> [Task brief] Write the records out once more, exactly as they are given.

== Provided records ==

theorem lemma4p4:
  fixes \<rho> :: "'w::wellorder \<Rightarrow> 'w"
    and x :: "('w, 'i) name"
    and A :: "'w set"
    and m :: nat
    and p :: "'w cond"
  assumes "is_omega1 TYPE('w)"
    and "regressive \<rho>"
    and "HS \<rho> x"
    and "countable A"
    and "rho_closed \<rho> A"
    and "supported_by \<rho> A x"
    and "p \<in> P1"
    and "decides_mem p (Check m) x"
  shows "(forces_mem p (Check m) x \<longrightarrow> forces_mem (p |` {c. fst c \<in> A}) (Check m) x)
       \<and> (forces_not_mem p (Check m) x \<longrightarrow> forces_not_mem (p |` {c. fst c \<in> A}) (Check m) x)"
  using forces_mem_restrict_to_support[OF assms(2,5,6,7)]
    forces_not_mem_restrict_to_support[OF assms(2,5,6,7)] by blast

end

===

> [Response to this task]
theorem lemma4p4:
  fixes \<rho> :: "'w::wellorder \<Rightarrow> 'w"
    and x :: "('w, 'i) name"
    and A :: "'w set"
    and m :: nat
    and p :: "'w cond"
  assumes "is_omega1 TYPE('w)"
    and "regressive \<rho>"
    and "HS \<rho> x"
    and "countable A"
    and "rho_closed \<rho> A"
    and "supported_by \<rho> A x"
    and "p \<in> P1"
    and "decides_mem p (Check m) x"
  shows "(forces_mem p (Check m) x \<longrightarrow> forces_mem (p |` {c. fst c \<in> A}) (Check m) x)
       \<and> (forces_not_mem p (Check m) x \<longrightarrow> forces_not_mem (p |` {c. fst c \<in> A}) (Check m) x)"
  using forces_mem_restrict_to_support[OF assms(2,5,6,7)]
    forces_not_mem_restrict_to_support[OF assms(2,5,6,7)] by blast

end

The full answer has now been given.